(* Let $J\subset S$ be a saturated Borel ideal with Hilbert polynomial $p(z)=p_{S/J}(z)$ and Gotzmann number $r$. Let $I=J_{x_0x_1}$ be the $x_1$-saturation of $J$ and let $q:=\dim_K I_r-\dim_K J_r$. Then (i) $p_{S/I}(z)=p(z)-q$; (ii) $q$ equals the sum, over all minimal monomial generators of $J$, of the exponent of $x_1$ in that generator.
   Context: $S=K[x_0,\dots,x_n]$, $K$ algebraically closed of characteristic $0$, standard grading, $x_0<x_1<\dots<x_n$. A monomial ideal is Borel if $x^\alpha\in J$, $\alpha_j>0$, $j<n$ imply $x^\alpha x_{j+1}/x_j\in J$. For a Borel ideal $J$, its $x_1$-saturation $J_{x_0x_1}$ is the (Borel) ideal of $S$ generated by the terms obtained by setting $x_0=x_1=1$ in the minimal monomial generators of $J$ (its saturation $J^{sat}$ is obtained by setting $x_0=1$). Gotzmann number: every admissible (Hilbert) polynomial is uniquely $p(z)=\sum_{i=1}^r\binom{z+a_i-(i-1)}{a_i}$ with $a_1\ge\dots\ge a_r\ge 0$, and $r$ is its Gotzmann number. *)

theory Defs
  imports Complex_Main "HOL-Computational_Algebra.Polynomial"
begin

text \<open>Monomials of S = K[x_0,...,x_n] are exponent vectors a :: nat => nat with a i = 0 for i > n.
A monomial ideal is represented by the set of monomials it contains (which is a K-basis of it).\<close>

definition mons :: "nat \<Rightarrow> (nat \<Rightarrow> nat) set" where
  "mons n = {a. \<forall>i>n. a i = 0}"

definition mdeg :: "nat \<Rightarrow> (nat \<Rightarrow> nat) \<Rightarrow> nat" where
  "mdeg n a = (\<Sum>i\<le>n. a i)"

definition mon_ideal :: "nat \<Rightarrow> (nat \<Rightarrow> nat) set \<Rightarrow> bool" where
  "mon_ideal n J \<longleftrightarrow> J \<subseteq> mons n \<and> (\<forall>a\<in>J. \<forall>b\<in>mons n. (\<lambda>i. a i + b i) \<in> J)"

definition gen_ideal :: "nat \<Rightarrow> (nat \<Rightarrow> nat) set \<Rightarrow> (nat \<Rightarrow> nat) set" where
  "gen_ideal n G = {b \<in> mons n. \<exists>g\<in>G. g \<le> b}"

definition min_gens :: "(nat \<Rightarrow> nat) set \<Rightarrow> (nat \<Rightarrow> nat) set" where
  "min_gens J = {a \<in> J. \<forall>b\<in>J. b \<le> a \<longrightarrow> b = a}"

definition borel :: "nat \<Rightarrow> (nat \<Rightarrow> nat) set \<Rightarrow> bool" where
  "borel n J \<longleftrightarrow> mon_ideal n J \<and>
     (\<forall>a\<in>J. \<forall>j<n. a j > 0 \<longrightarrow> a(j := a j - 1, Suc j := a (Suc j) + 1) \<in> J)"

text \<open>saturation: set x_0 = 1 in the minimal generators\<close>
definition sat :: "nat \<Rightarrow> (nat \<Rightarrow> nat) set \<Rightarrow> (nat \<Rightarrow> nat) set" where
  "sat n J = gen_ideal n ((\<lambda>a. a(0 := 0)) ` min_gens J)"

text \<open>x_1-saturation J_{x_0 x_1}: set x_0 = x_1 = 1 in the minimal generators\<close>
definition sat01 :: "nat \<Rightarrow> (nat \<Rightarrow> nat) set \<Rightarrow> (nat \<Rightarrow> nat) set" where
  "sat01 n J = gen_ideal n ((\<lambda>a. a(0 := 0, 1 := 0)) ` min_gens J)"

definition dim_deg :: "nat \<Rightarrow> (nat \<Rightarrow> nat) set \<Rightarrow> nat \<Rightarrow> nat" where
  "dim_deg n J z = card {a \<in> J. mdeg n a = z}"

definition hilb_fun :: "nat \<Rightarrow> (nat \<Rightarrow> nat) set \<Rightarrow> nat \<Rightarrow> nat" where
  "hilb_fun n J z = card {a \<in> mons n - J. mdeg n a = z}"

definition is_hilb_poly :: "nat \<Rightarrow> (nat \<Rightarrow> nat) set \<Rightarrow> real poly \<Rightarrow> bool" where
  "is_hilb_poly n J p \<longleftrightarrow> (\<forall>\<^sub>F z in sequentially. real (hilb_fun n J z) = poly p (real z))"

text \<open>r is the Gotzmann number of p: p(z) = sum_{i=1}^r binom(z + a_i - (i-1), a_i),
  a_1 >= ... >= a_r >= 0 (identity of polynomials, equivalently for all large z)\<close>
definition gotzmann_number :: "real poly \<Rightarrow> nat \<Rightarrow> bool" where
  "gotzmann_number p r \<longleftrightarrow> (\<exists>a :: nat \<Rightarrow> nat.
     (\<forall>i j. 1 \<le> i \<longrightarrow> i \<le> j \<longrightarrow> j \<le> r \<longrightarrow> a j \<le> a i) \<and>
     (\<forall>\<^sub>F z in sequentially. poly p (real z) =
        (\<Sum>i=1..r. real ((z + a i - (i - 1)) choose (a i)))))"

=====

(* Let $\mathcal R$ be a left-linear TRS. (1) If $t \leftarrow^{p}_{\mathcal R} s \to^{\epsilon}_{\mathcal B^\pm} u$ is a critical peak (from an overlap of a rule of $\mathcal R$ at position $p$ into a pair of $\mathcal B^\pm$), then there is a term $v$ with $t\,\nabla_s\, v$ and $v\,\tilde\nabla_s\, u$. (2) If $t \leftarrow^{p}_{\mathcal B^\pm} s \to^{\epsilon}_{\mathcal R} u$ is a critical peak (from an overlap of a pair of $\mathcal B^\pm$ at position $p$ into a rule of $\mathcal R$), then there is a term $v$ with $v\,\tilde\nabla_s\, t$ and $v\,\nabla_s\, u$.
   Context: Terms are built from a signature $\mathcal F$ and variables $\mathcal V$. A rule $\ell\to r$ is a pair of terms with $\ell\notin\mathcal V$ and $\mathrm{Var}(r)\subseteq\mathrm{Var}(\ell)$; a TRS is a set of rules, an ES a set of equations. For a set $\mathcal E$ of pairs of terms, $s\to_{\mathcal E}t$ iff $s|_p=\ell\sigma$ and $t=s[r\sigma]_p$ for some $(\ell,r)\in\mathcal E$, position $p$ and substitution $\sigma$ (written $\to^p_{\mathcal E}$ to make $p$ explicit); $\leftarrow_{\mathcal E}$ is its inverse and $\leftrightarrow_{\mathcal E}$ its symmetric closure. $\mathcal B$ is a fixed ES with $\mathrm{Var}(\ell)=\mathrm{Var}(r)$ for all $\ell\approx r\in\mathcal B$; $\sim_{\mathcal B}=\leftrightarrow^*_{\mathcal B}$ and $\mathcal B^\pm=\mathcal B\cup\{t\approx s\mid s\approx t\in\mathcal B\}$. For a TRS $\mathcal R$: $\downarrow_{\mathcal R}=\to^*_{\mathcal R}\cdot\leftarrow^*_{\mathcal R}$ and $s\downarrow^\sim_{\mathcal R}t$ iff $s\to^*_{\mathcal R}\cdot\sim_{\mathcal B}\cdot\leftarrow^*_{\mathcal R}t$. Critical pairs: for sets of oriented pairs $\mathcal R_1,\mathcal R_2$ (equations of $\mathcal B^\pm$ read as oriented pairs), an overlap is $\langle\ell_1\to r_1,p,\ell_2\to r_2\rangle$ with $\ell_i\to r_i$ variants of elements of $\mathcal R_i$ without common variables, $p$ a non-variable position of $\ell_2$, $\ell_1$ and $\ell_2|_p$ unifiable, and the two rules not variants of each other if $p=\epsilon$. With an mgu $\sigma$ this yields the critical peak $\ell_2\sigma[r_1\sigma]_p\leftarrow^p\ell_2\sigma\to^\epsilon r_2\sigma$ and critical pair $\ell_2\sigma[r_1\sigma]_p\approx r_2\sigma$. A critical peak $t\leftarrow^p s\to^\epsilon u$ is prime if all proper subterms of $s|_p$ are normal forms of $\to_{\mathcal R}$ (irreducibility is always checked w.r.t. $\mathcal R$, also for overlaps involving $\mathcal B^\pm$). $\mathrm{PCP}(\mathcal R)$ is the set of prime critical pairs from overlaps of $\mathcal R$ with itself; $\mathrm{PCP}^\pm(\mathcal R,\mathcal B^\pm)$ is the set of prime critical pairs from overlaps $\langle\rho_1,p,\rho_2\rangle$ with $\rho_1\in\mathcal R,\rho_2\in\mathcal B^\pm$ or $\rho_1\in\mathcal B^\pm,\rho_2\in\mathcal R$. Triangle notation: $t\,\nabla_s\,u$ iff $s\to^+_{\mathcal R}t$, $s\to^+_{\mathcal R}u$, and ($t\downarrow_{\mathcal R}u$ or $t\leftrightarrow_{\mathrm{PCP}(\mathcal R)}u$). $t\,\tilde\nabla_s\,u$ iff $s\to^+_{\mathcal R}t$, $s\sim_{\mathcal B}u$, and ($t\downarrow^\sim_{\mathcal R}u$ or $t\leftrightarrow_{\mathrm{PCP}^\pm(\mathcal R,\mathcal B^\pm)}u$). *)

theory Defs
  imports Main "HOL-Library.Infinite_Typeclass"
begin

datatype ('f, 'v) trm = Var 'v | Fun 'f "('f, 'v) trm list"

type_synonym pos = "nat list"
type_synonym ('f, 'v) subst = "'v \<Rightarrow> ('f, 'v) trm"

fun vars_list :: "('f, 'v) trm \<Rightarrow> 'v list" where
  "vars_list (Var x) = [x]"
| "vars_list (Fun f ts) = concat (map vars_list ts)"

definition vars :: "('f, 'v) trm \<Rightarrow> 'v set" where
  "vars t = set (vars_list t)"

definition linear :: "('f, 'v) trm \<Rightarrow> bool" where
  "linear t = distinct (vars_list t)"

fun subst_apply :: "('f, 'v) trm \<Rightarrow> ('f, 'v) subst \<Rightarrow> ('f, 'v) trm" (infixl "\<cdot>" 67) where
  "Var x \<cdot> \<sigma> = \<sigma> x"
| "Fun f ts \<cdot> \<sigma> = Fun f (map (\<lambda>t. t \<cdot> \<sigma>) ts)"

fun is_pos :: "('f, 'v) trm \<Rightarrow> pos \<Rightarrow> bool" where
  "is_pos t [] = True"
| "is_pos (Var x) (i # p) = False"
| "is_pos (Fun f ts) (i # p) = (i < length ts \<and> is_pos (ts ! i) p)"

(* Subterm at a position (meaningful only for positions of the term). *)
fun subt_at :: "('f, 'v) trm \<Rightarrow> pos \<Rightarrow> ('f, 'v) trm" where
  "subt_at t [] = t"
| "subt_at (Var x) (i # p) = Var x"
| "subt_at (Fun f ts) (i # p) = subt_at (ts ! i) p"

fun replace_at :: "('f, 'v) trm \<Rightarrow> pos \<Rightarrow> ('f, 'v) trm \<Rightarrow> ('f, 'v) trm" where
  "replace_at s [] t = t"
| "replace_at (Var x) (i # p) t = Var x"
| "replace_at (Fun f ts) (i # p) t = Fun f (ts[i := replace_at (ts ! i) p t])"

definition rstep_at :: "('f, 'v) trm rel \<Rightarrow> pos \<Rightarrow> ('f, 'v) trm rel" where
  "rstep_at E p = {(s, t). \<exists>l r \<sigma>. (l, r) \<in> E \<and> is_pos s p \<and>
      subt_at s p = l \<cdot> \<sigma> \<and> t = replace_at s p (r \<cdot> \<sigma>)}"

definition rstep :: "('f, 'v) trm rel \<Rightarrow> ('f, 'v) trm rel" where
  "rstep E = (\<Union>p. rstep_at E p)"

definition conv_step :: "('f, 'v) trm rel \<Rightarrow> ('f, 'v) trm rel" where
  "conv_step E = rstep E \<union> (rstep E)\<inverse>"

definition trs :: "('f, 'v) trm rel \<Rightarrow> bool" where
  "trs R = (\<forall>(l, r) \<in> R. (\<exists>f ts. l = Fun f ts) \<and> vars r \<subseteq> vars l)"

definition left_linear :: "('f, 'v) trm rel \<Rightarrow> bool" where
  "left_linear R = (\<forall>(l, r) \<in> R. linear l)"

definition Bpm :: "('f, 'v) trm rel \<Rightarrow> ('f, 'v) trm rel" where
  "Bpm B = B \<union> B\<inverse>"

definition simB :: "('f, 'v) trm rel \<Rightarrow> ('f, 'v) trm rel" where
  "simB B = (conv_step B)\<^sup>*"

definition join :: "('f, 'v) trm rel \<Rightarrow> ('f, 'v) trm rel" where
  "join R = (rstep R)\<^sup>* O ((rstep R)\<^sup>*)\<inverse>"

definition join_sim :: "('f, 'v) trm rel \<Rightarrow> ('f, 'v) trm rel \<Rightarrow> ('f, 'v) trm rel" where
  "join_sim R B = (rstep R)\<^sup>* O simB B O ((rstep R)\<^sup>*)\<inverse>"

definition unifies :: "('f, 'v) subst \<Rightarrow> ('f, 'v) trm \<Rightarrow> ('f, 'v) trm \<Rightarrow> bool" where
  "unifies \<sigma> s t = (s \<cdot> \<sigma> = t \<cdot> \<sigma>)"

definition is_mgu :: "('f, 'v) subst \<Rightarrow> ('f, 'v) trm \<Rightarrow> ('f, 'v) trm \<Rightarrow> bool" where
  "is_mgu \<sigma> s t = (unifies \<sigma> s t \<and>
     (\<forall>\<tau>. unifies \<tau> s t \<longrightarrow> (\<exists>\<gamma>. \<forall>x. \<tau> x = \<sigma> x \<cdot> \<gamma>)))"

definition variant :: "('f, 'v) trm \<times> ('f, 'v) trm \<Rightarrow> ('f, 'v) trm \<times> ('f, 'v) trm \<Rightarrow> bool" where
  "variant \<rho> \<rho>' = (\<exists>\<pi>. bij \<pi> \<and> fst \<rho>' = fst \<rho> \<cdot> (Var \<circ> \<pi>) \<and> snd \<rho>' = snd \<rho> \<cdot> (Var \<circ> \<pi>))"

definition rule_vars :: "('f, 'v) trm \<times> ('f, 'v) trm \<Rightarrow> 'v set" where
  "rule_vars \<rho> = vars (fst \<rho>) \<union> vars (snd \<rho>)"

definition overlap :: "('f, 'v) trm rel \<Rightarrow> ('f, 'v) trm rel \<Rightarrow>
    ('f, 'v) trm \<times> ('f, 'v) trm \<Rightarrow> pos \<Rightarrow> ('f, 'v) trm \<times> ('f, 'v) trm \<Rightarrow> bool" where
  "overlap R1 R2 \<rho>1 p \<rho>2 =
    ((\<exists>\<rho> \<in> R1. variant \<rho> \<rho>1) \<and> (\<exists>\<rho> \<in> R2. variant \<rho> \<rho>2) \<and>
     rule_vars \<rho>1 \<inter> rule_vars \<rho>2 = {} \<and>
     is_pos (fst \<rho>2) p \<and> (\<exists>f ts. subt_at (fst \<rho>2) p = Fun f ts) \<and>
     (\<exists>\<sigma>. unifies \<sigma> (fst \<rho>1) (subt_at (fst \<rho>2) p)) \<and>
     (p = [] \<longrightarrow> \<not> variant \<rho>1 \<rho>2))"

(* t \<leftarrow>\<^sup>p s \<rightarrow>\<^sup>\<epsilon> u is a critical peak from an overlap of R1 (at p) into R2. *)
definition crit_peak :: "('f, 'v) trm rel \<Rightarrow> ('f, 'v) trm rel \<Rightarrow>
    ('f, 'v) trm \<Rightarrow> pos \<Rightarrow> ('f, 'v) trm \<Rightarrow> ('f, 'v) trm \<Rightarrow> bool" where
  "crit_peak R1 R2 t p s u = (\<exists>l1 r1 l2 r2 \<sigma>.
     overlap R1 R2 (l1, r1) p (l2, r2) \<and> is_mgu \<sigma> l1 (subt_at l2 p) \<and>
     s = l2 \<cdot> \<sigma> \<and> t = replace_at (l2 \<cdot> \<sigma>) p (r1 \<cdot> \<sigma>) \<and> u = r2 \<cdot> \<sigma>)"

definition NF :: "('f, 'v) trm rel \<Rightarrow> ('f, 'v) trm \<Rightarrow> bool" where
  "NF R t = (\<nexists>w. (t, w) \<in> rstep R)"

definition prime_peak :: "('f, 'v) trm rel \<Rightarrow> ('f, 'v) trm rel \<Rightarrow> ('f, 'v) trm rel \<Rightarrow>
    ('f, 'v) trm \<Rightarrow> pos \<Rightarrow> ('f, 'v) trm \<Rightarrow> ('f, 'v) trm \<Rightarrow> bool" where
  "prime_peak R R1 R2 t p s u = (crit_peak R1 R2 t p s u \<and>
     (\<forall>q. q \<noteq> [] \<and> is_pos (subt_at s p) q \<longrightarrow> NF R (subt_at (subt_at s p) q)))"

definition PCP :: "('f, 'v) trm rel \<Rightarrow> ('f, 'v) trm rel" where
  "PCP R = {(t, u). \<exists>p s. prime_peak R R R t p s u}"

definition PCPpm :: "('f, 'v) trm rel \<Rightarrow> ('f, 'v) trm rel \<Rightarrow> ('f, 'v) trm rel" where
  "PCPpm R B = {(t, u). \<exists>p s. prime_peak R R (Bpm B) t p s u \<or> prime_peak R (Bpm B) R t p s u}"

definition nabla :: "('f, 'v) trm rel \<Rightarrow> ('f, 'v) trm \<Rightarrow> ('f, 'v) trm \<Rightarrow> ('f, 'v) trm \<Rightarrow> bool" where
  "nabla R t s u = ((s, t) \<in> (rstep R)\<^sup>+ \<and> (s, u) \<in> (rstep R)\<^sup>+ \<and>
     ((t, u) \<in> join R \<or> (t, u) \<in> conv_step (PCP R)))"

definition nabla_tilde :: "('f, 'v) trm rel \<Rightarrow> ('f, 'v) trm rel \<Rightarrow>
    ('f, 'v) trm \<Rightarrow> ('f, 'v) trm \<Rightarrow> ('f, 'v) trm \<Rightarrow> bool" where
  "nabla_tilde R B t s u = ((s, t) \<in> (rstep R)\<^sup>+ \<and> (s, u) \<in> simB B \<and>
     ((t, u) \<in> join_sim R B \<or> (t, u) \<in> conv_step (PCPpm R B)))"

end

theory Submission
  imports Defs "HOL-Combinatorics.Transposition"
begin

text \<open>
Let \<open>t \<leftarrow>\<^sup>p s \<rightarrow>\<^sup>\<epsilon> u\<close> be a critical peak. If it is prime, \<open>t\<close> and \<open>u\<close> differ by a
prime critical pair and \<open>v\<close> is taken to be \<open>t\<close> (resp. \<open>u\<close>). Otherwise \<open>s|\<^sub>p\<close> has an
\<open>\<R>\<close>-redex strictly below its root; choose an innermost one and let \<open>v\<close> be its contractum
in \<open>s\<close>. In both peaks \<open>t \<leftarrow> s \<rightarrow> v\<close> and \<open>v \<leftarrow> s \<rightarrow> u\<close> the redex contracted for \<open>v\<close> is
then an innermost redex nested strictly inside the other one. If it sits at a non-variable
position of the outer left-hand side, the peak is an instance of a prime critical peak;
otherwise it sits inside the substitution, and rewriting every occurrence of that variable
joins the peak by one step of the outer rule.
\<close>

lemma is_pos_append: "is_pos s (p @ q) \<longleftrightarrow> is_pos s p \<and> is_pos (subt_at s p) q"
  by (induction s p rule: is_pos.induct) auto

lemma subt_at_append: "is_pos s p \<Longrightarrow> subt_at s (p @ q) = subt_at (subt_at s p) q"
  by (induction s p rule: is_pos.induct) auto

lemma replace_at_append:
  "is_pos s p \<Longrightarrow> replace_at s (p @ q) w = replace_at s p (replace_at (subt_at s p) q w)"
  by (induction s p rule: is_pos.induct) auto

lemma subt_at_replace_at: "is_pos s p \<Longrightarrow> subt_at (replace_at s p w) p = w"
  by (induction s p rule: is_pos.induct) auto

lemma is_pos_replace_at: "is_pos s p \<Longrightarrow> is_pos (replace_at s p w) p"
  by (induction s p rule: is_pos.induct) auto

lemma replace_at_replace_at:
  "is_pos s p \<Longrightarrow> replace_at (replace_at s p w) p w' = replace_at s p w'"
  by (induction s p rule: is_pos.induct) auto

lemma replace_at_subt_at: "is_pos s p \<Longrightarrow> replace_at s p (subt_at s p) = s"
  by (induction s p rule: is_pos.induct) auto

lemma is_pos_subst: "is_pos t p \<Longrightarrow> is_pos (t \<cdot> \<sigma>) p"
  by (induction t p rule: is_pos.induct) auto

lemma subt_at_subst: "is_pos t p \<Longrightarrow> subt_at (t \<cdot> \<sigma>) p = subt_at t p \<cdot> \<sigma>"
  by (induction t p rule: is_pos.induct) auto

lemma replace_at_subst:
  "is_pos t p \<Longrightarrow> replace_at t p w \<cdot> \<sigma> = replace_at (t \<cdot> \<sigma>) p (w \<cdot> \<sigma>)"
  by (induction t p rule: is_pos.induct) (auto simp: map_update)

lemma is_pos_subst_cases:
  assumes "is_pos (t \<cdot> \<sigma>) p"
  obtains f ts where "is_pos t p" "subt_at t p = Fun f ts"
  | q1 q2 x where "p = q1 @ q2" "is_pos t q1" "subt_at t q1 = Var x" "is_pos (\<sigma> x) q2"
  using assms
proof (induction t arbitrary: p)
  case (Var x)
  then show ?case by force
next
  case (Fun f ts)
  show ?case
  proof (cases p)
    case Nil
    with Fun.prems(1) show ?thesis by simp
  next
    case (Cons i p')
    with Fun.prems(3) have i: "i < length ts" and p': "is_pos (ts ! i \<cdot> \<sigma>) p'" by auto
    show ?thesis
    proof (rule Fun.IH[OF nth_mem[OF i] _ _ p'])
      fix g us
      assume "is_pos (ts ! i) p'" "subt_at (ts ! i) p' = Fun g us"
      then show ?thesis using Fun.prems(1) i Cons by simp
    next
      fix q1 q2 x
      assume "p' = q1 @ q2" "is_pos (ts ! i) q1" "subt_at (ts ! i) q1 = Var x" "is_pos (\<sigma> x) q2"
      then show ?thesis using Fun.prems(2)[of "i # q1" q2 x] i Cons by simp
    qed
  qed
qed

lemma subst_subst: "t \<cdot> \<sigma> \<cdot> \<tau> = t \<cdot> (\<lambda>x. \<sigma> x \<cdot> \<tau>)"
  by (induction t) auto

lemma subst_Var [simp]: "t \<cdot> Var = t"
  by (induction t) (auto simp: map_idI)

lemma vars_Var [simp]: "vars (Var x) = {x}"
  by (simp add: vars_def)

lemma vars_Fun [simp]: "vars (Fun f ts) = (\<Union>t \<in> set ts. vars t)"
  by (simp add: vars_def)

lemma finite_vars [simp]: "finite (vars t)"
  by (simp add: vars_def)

=====

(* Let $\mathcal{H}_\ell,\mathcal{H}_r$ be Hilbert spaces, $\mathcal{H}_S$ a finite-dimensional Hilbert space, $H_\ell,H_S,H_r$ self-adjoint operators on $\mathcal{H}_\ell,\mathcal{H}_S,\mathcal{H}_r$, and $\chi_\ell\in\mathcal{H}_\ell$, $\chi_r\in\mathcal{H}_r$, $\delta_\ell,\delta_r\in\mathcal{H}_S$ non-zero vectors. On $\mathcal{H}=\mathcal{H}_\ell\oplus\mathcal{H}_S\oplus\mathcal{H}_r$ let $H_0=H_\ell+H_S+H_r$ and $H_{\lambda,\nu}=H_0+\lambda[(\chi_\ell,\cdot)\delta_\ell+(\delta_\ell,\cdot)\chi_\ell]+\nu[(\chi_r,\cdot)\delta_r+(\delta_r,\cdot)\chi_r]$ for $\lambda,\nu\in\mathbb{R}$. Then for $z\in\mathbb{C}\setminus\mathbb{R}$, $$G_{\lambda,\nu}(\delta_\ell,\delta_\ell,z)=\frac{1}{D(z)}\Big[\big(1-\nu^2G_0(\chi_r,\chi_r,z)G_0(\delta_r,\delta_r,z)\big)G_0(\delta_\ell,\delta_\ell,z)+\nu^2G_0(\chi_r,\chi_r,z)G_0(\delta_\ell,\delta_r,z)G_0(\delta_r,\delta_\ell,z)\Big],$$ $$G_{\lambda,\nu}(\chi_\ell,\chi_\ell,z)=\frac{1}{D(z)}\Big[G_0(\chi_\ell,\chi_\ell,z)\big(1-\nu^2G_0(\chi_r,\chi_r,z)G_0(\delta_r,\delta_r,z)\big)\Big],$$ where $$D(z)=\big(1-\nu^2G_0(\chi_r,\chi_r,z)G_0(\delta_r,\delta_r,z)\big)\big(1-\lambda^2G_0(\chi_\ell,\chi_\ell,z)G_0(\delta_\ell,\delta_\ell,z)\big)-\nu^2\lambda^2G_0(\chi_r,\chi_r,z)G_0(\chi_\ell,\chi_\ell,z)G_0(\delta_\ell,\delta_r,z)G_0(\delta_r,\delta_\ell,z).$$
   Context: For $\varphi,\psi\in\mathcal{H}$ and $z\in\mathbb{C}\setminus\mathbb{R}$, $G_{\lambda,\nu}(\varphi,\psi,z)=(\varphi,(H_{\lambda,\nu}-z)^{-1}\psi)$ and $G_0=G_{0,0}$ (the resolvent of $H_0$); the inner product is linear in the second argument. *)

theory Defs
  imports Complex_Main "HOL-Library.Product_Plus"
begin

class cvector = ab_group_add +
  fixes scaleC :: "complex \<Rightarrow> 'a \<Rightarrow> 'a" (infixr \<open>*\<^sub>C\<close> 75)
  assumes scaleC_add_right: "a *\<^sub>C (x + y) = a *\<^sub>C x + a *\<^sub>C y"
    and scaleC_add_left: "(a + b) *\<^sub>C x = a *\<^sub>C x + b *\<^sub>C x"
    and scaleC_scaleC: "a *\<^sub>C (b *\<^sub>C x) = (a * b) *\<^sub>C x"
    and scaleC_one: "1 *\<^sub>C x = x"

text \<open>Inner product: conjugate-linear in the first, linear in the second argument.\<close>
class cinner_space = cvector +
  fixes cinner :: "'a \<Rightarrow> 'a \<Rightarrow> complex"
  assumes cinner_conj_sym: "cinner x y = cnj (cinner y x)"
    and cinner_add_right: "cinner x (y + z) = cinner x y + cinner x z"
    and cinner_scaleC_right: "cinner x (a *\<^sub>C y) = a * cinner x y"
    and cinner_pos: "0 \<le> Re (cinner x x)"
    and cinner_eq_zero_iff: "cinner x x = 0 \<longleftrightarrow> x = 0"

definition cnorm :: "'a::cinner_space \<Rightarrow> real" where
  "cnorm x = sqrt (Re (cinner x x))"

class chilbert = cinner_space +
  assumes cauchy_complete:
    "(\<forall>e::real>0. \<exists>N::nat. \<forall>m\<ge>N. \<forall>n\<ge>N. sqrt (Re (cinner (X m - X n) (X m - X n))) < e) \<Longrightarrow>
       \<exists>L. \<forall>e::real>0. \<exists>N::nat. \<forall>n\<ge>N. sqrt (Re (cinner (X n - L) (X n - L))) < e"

=====

(EXERCISE AIM): Reproduce every line from the listing above that holds the word "sqrt".

(TASK RESULT):
  "cnorm x = sqrt (Re (cinner x x))"
    "(\<forall>e::real>0. \<exists>N::nat. \<forall>m\<ge>N. \<forall>n\<ge>N. sqrt (Re (cinner (X m - X n) (X m - X n))) < e) \<Longrightarrow>
       \<exists>L. \<forall>e::real>0. \<exists>N::nat. \<forall>n\<ge>N. sqrt (Re (cinner (X n - L) (X n - L))) < e"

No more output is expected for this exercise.